» **DATA FOR PROCESSING**

────────────────────

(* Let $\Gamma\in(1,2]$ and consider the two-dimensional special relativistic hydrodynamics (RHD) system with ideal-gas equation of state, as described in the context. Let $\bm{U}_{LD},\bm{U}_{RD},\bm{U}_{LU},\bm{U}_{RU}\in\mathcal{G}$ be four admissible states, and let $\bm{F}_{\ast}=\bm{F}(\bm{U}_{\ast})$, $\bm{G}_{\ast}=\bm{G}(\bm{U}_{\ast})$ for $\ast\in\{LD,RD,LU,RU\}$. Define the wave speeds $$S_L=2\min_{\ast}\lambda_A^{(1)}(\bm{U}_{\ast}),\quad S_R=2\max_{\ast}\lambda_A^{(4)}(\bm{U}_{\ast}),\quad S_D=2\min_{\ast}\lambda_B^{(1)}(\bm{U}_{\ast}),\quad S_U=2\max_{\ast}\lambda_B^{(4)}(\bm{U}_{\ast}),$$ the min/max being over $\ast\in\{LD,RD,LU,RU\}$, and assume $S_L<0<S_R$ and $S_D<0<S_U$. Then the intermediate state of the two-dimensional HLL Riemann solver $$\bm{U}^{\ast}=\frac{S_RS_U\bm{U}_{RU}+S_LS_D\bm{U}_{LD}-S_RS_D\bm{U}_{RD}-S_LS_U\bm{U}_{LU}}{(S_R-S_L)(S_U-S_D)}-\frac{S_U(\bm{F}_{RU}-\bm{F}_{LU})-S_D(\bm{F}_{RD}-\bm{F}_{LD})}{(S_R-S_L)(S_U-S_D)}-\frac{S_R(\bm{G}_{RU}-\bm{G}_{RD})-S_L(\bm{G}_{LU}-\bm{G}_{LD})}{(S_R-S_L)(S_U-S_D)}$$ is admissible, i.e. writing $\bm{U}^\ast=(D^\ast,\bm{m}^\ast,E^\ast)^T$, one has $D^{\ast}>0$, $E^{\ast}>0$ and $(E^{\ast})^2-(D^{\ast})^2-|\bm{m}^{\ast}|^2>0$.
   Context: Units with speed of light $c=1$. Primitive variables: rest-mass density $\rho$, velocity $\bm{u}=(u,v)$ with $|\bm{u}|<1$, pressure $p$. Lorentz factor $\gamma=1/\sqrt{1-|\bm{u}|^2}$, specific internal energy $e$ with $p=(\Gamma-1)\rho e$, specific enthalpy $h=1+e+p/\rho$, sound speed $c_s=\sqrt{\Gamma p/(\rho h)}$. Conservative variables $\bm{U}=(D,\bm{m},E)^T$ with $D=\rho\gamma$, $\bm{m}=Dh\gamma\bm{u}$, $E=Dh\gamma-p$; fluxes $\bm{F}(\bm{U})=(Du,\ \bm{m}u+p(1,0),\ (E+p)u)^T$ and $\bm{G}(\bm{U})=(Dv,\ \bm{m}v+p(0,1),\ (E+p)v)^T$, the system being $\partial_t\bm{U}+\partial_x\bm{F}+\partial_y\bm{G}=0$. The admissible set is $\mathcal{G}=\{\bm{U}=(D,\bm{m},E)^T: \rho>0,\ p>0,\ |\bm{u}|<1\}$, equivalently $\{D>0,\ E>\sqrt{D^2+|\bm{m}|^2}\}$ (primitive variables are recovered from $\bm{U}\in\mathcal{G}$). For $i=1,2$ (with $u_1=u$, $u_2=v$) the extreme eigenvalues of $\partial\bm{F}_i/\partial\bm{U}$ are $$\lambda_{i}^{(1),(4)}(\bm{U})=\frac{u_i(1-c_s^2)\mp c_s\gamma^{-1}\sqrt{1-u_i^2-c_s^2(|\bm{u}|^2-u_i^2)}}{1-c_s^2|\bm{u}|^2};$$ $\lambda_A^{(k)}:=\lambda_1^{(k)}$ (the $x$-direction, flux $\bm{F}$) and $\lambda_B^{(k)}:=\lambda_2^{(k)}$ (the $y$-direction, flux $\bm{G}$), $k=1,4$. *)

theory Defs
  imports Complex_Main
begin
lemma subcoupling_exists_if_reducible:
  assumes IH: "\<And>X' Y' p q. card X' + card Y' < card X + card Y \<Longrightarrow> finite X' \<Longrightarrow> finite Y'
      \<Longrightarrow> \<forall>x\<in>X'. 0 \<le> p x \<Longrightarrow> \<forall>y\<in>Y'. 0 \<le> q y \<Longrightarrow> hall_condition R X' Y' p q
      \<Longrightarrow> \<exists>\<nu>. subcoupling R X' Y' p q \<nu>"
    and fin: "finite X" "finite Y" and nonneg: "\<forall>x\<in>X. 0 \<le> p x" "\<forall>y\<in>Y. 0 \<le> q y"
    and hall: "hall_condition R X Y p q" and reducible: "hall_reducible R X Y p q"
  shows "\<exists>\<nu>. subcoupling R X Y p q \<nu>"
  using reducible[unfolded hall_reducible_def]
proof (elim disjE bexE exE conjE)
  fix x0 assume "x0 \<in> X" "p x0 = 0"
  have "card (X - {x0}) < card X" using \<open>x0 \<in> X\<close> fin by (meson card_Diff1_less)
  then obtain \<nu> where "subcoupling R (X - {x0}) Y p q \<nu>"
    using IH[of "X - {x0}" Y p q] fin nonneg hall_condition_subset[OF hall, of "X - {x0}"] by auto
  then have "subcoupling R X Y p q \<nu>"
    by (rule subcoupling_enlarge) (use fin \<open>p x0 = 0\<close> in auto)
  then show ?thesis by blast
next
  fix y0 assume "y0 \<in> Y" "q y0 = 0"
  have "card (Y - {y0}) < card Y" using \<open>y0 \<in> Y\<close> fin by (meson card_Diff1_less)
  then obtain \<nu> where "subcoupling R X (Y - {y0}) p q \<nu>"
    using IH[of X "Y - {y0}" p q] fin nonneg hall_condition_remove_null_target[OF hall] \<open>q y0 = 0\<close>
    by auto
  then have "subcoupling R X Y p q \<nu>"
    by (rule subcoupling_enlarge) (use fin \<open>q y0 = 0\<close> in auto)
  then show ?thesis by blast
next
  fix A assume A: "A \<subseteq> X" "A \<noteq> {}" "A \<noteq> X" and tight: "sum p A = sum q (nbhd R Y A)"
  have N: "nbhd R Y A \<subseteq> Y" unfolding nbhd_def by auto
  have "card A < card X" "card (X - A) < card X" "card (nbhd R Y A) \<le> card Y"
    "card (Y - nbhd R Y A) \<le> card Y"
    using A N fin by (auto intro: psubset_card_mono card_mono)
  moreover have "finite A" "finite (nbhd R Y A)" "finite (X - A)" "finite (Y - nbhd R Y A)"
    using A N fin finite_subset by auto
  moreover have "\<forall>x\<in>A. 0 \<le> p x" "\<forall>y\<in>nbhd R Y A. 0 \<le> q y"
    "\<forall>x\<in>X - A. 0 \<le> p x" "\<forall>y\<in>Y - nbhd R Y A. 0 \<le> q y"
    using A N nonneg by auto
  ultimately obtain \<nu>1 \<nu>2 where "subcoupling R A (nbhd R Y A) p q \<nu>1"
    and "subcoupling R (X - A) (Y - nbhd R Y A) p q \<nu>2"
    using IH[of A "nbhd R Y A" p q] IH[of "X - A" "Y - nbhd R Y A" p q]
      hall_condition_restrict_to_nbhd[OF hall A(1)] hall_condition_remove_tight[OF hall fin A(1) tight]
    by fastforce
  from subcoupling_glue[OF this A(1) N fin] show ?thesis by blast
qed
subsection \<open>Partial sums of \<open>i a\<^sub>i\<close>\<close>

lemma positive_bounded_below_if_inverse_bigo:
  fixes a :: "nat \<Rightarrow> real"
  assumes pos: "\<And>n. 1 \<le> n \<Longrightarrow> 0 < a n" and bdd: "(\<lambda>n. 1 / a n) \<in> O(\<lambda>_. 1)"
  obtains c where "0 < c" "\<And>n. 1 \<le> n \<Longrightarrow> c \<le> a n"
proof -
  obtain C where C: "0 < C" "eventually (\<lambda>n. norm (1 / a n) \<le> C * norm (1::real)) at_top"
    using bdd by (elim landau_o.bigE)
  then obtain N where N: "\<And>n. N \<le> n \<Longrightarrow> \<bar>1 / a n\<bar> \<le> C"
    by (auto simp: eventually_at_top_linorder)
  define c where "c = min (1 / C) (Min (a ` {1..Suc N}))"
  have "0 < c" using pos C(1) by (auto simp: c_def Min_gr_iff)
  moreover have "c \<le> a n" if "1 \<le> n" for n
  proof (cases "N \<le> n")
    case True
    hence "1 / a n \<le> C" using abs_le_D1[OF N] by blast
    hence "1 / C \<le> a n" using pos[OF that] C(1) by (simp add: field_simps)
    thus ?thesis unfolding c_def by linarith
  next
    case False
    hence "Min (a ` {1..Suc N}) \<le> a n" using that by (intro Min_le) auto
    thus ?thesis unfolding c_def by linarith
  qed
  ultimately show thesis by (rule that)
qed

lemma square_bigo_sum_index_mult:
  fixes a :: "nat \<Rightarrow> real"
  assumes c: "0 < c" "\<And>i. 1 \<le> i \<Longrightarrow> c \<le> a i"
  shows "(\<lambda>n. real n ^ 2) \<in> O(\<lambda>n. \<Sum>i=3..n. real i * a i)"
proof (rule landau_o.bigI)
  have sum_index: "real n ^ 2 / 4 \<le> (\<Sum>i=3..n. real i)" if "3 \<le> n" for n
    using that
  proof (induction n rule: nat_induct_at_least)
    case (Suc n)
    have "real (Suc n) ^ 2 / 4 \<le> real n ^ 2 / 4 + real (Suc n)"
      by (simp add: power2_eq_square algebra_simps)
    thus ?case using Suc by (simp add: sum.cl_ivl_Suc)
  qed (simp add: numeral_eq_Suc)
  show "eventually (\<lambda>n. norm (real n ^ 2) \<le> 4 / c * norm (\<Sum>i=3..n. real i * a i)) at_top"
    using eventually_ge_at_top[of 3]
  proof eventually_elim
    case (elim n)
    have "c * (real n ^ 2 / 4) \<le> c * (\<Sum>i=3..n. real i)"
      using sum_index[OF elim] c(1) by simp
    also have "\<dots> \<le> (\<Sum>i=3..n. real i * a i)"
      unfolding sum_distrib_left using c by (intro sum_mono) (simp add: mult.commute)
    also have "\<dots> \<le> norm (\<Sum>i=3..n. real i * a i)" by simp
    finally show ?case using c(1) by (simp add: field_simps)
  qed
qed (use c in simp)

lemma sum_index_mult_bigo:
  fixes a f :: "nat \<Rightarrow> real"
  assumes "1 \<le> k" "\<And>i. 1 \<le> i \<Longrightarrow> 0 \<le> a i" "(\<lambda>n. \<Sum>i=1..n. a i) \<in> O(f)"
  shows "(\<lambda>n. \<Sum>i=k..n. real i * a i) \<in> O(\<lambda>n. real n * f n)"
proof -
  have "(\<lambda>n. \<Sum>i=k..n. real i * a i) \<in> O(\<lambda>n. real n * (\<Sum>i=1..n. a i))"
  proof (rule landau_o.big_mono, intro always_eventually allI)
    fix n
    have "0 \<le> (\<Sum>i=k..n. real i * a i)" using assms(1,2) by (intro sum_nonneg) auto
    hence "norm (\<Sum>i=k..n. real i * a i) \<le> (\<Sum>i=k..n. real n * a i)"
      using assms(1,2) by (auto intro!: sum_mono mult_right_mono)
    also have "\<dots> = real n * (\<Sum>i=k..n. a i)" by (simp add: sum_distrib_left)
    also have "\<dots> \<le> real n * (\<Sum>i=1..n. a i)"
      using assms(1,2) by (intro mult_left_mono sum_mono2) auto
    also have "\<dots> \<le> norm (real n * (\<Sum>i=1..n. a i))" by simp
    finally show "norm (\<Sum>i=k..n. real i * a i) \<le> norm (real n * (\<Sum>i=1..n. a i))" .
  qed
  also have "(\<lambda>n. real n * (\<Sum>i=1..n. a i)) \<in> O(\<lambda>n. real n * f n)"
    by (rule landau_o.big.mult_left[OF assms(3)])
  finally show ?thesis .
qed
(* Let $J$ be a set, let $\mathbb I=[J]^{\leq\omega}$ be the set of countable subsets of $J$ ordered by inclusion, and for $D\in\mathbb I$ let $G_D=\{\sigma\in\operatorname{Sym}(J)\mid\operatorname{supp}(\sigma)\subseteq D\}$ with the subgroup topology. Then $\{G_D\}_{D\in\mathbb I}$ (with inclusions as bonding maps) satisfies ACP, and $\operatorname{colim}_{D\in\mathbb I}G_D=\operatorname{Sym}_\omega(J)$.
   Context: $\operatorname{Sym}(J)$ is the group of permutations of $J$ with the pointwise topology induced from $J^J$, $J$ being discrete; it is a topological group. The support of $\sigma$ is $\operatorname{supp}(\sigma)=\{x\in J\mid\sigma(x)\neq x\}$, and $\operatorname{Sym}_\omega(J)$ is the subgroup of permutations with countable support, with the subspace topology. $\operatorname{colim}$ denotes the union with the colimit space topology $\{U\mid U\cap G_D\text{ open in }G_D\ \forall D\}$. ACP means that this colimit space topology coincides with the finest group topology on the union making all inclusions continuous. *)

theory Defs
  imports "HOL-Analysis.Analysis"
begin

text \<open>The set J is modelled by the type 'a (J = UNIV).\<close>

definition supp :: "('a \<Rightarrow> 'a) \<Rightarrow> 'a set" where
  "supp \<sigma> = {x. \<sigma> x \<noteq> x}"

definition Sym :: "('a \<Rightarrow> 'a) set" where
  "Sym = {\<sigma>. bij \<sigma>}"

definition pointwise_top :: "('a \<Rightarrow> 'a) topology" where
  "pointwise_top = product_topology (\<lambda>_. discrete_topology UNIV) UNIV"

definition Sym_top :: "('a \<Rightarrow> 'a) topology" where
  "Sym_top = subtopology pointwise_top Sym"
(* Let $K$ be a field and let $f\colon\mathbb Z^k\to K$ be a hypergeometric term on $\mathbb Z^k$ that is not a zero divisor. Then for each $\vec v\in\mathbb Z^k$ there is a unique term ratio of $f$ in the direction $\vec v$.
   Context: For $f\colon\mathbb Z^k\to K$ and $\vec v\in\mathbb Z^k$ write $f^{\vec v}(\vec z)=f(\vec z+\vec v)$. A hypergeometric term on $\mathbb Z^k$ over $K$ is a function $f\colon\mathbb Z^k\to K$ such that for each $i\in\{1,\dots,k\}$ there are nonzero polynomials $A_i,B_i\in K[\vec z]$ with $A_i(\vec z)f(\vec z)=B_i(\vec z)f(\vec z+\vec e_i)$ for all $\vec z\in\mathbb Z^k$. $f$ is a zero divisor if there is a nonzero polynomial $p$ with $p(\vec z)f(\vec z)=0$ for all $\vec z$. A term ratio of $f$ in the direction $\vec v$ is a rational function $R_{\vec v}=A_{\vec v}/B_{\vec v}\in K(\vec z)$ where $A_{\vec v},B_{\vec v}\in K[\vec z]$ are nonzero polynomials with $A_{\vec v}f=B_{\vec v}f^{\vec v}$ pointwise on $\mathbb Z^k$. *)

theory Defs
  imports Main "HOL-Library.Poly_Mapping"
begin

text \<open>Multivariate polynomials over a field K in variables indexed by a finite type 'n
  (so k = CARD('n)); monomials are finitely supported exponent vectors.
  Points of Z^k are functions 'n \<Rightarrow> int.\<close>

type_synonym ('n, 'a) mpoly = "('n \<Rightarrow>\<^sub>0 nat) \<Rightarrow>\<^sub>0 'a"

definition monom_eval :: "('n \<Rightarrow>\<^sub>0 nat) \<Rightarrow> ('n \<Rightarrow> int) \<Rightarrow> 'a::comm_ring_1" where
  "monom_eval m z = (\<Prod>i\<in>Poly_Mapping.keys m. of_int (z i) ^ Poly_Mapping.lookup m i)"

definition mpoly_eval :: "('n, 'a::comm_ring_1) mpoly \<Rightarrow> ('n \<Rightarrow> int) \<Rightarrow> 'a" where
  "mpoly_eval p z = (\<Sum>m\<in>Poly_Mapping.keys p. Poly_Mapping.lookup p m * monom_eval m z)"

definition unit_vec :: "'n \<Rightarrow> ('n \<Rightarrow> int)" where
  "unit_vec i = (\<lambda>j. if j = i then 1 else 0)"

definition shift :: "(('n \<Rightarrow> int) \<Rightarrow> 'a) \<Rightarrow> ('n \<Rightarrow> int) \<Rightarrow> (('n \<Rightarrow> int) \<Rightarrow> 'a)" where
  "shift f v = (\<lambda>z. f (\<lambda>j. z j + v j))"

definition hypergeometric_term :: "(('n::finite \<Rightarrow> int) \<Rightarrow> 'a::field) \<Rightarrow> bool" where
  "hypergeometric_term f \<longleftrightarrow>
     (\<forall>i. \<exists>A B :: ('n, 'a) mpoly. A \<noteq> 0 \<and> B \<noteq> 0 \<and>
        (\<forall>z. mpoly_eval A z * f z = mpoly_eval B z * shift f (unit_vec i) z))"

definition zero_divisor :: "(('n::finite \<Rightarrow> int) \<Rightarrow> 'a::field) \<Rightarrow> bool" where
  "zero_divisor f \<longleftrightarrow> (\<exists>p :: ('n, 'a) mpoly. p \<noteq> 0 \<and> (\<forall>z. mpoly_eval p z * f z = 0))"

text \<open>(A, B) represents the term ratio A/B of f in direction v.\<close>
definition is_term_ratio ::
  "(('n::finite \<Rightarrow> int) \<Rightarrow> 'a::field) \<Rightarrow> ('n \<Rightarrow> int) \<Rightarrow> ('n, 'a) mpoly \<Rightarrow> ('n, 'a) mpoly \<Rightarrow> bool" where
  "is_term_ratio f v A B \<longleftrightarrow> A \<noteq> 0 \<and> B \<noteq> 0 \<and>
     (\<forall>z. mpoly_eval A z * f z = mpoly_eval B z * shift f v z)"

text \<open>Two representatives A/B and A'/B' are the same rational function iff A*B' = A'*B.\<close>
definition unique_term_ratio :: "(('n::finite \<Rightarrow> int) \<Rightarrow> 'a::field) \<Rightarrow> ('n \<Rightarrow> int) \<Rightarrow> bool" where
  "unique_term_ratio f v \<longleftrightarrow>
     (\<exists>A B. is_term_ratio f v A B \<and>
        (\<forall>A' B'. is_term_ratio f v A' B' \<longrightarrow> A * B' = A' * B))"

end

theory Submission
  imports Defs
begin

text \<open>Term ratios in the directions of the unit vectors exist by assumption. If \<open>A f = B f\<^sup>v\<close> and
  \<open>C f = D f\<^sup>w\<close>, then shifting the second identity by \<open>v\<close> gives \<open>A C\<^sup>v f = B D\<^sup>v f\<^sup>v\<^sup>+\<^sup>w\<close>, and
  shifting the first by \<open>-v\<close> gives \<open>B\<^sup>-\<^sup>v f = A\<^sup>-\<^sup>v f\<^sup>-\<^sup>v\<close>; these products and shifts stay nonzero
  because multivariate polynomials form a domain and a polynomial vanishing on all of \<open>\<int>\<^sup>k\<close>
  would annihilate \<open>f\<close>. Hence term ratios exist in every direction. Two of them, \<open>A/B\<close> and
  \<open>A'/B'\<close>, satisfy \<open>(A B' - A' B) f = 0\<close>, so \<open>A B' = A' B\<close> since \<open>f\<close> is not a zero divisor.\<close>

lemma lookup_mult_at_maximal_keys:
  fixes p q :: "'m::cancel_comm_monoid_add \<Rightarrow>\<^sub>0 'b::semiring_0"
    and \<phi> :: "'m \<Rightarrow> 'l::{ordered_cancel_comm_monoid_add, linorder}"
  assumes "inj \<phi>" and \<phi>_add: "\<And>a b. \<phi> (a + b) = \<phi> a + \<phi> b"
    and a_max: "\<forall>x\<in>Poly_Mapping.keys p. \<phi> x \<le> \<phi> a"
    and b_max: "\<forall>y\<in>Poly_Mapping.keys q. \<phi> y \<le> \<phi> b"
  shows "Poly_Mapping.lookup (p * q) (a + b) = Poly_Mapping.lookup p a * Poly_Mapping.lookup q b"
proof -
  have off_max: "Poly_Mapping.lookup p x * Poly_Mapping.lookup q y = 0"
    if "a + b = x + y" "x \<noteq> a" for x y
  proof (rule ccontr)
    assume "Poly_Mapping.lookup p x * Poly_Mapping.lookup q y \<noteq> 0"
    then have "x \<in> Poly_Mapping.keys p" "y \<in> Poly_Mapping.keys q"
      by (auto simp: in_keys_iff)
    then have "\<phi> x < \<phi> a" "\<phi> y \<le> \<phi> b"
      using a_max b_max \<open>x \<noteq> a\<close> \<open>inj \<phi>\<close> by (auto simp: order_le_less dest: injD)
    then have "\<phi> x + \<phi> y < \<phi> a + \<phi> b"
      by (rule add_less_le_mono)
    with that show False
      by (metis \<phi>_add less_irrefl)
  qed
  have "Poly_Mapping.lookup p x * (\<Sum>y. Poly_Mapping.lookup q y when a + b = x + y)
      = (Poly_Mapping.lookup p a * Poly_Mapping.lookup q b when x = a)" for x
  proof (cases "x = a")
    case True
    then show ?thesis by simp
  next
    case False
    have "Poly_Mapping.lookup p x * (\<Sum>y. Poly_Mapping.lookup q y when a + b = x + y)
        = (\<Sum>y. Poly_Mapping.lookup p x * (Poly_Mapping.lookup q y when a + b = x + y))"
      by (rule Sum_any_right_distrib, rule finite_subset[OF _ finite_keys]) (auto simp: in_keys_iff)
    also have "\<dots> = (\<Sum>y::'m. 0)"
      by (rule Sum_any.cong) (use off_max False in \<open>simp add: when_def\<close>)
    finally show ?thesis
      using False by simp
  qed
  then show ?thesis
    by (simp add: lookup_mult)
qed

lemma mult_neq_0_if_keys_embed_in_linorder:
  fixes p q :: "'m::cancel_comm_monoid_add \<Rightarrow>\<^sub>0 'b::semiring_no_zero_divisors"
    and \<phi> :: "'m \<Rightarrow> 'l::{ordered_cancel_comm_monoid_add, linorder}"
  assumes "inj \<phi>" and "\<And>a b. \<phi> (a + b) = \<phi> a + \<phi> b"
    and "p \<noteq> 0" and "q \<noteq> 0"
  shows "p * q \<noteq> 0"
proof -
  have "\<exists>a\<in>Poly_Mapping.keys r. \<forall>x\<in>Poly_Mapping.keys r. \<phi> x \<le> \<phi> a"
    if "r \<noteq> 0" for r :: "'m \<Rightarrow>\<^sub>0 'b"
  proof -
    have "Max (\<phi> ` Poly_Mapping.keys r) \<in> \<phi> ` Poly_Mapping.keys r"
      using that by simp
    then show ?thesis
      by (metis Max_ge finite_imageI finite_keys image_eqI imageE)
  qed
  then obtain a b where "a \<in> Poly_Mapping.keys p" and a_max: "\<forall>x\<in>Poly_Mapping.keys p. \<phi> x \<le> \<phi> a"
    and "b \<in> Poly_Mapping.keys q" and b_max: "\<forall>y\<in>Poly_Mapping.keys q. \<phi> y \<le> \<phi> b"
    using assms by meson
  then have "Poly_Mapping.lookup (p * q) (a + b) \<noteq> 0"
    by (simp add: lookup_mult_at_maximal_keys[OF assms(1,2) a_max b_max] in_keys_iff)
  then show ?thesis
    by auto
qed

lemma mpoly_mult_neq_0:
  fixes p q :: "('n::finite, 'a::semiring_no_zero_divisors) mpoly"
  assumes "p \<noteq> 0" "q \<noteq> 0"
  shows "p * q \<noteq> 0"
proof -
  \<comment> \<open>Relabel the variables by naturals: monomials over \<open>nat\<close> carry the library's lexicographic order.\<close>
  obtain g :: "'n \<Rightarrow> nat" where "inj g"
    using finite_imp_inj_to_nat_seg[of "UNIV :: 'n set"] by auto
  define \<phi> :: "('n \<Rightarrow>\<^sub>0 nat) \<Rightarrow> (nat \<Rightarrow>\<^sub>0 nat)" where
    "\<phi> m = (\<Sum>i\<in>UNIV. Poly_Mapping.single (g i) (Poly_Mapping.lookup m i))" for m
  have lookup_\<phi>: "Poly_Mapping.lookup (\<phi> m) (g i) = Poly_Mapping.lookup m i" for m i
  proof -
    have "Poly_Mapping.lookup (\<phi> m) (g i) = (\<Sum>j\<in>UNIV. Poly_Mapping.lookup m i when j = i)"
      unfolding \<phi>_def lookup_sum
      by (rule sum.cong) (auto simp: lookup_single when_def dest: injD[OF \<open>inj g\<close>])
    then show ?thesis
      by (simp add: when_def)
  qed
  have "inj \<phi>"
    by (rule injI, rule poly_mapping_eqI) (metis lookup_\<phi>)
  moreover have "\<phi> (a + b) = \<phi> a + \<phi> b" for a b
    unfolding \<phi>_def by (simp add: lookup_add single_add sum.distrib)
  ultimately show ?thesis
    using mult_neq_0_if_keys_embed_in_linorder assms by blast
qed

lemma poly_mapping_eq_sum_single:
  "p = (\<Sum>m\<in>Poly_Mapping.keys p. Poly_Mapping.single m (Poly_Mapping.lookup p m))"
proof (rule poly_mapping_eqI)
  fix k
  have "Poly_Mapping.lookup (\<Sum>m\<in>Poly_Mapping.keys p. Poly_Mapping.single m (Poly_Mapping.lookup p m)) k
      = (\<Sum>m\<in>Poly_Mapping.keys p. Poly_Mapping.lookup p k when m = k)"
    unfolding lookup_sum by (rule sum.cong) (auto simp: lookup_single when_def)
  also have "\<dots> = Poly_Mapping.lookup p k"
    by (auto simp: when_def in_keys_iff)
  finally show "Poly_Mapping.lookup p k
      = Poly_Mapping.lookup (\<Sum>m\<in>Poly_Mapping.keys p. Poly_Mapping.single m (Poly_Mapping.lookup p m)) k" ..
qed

────────────────────

Look over the records above, and wherever a line contains the string "UNIV", copy that line.

text \<open>The set J is modelled by the type 'a (J = UNIV).\<close>
  "pointwise_top = product_topology (\<lambda>_. discrete_topology UNIV) UNIV"
    using finite_imp_inj_to_nat_seg[of "UNIV :: 'n set"] by auto
    "\<phi> m = (\<Sum>i\<in>UNIV. Poly_Mapping.single (g i) (Poly_Mapping.lookup m i))" for m
    have "Poly_Mapping.lookup (\<phi> m) (g i) = (\<Sum>j\<in>UNIV. Poly_Mapping.lookup m i when j = i)"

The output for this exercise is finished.